Een goede voorbereiding is het halve werk, ook bij het vaccineren. Tijdens de voorbereiding wordt alles gecontroleerd en in gereedheid gebracht voor de eigenlijke vaccinatie. Een goede voorbereiding helpt fouten bij de eigenlijke vaccinatie te voorkomen.
Hou rekening met volgende tips:
- Bepaal het aantal te vaccineren dieren: Zo zorg je ervoor dat een correct aantal vaccindoseringen worden voorbereid. Niet te veel om verspilling te vermijden en niet te weinig om het vaccinatieproces te moeten onderbreken.
- Controleer de gezondheidstoestand van de te vaccineren dieren: Vaccineer geen zieke dieren. Een dier dat al ziek is, zal minder goed reageren op de vaccinatie, wat leidt tot een minder goede immuniteitsopbouw. Dit geldt in het bijzonder voor ziekten die het afweersysteem verzwakken zoals virale infecties met PRRS of PCV2.

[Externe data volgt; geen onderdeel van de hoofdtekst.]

(* Let $\Omega\subset\mathbb{R}^d$, $d\in\{2,3\}$, be a bounded Lipschitz polyhedral domain, $\mu>0$, $\lambda\in[0,\infty]$. Consider the strongly symmetric discretization: finite-dimensional $\Sigma_h^{\mathrm{sym}}\subset\Sigma^{\mathrm{sym}}$, $V_h\subset V$, and find $(\sigma_h,u_h)\in\Sigma_h^{\mathrm{sym}}\times V_h$ with $$a(\sigma_h,\tau_h)+b(\tau_h,u_h)=\langle\tau_h n,g\rangle_{\partial\Omega}+(F,\tau_h)_{L^2(\Omega)}\ \forall\tau_h\in\Sigma_h^{\mathrm{sym}},\qquad b(\sigma_h,v_h)=(f,v_h)_{L^2(\Omega)}\ \forall v_h\in V_h,$$ and the weakly symmetric discretization: finite-dimensional $\Sigma_h\subset\Sigma$, $V_h\subset V$, $\Xi_h\subset\Xi$, and find $(\sigma_h,u_h,\omega_h)\in\Sigma_h\times V_h\times\Xi_h$ with $$a(\sigma_h,\tau_h)+b(\tau_h,u_h)+c(\tau_h,\omega_h)=\langle\tau_h n,g\rangle_{\partial\Omega}+(F,\tau_h)_{L^2(\Omega)}\ \forall\tau_h\in\Sigma_h,$$ $$b(\sigma_h,v_h)=(f,v_h)_{L^2(\Omega)}\ \forall v_h\in V_h,\qquad c(\sigma_h,\xi_h)=0\ \forall\xi_h\in\Xi_h.$$ Assume each discretization satisfies the discrete Babuška–Brezzi conditions (discrete kernel coercivity of $a$ and discrete inf-sup condition), so it is uniquely solvable. If the strongly symmetric discretization satisfies $$\{\tau_h\in\Sigma_h^{\mathrm{sym}}:(\nabla\cdot\tau_h,v_h)_{L^2(\Omega)}=0\ \forall v_h\in V_h\}\subset\{\tau\in\Sigma^{\mathrm{sym}}:\nabla\cdot\tau\equiv 0\},$$ then it is material robust. Similarly, if the weakly symmetric discretization satisfies $$\{\tau_h\in\Sigma_h:(\nabla\cdot\tau_h,v_h)_{L^2(\Omega)}+(\tau_h,\xi_h)_{L^2(\Omega)}=0\ \forall v_h\in V_h,\ \forall\xi_h\in\Xi_h\}\subset\{\tau\in\Sigma^{\mathrm{sym}}:\nabla\cdot\tau\equiv 0\},$$ then it is material robust.
   Context: Data: $f\in L^2(\Omega;\mathbb{R}^d)$, $g\in H^{1/2}(\partial\Omega;\mathbb{R}^d)$, $F\in L^2(\Omega;\mathbb{R}^{d\times d}_{\mathrm{sym}})$ (when $\lambda=\infty$ also $\int_{\partial\Omega}g\cdot n\,ds=-\int_\Omega\operatorname{tr}F\,dx$). $\langle\cdot,\cdot\rangle_{\partial\Omega}$ is the $H^{-1/2}$–$H^{1/2}$ duality on $\partial\Omega$, $n$ the outward normal; divergence of a matrix is taken row-wise. $H(\mathrm{div};\Omega,\circ)$ is the space of $L^2$ matrix fields with values in $\circ$ whose divergence is in $L^2(\Omega;\mathbb{R}^d)$; $H_*(\mathrm{div};\Omega,\circ)$ is its subspace with $\int_\Omega\operatorname{tr}\tau\,dx=0$. Set $\Sigma^{\mathrm{sym}}=H(\mathrm{div};\Omega,\mathbb{R}^{d\times d}_{\mathrm{sym}})$ and $\Sigma=H(\mathrm{div};\Omega,\mathbb{R}^{d\times d})$ if $\lambda<\infty$, and the corresponding $H_*$ spaces if $\lambda=\infty$; $V=L^2(\Omega;\mathbb{R}^d)$; $\Xi=L^2(\Omega;\mathbb{R}^{d\times d}_{\mathrm{skew}})$ (skew-symmetric matrices). With $\tau^D:=\tau-\frac1d(\operatorname{tr}\tau)I$, $$a(\sigma,\tau)=\frac{1}{2\mu}(\sigma^D,\tau^D)_{L^2(\Omega)}+\frac{1}{d(2\mu+d\lambda)}(\operatorname{tr}\sigma,\operatorname{tr}\tau)_{L^2(\Omega)}$$ (second term absent when $\lambda=\infty$), $b(\sigma,v)=(\nabla\cdot\sigma,v)_{L^2(\Omega)}$, $c(\tau,\xi)=(\tau,\xi)_{L^2(\Omega)}$. The continuous strongly symmetric problem is: find $(\sigma,u)\in\Sigma^{\mathrm{sym}}\times V$ with $a(\sigma,\tau)+b(\tau,u)=\langle\tau n,g\rangle_{\partial\Omega}+(F,\tau)$ for all $\tau\in\Sigma^{\mathrm{sym}}$ and $b(\sigma,v)=(f,v)$ for all $v\in V$ (it is uniquely solvable, and equivalent in its $(\sigma,u)$ components to the analogous weakly symmetric continuous problem on $\Sigma\times V\times\Xi$). A discretization is called material robust if the approximation to any stress-free state is stress-free pointwise: whenever the data are such that the exact stress satisfies $\sigma\equiv 0$, the discrete stress satisfies $\sigma_h\equiv 0$. *)

theory Defs
  imports "HOL-Analysis.Analysis"
begin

- Controleer de vaccinatieapparatuur: Inspecteer alle materiaal dat nodig is voor het toedienen van het vaccin zoals spuiten, injectienaalden, enz. Gebruik steeds materiaal dat schoon en steriel is. Zorg ervoor dat de materialen uitsluitend voor vaccinatie worden gebruikt; zo voorkomen we contact met andere producten die de werkzaamheid van het vaccin kunnen beïnvloeden. Controleer of de injectiespuiten de juiste dosis leveren en gebruik nieuwe injectienaalden met afmetingen aangepast aan de leeftijd van de te vaccineren dieren. Gebruik per toom of om de 15-20 varkens een nieuwe injectienaald.
- Lees de instructies voor gebruik in de bijsluiter: Elk vaccin is verschillend. Volg steeds de aanbevelingen in de bijsluiter betreffende dosering, toedieningswijze en mogelijkheid tot mengen met andere producten. Meng geen vaccins met elkaar, tenzij dit expliciet is vermeld in de bijsluiter.
- Vaccin voorbereiding en opwarming: Haal het juiste aantal vaccindoseringen tijdig uit de koelkast en warm het vaccin op tot kamertemperatuur. Dit vermindert pijn en entreacties. Het wordt aanbevolen om de vaccins direct vóór de vaccinatie op te warmen door ze 40 minuten tot 1 uur vooraf uit de koelkast te halen. Dompel ze daarna maximaal 10 minuten onder in een waterbad van 25 tot 30 °C. Gebruik een thermometer om de temperatuur te controleren, want een te hoge temperatuur van het warmwaterbad kan het vaccin kapot maken. Warm niet meer doseringen op als er nodig zijn. Zodra vaccins zijn opgewarmd, moeten ze worden gebruikt.
- Oplossen van vaccins: Sommige vaccins moeten opgelost worden. Denk daarbij bijvoorbeeld aan levend verzwakte PRRS vaccins. Gebruik daarbij steeds een steriele transfernaald. Als het oplosmiddel in de koelkast wordt bewaard, warm de vloeistof dan vooraf op zoals hierboven beschreven.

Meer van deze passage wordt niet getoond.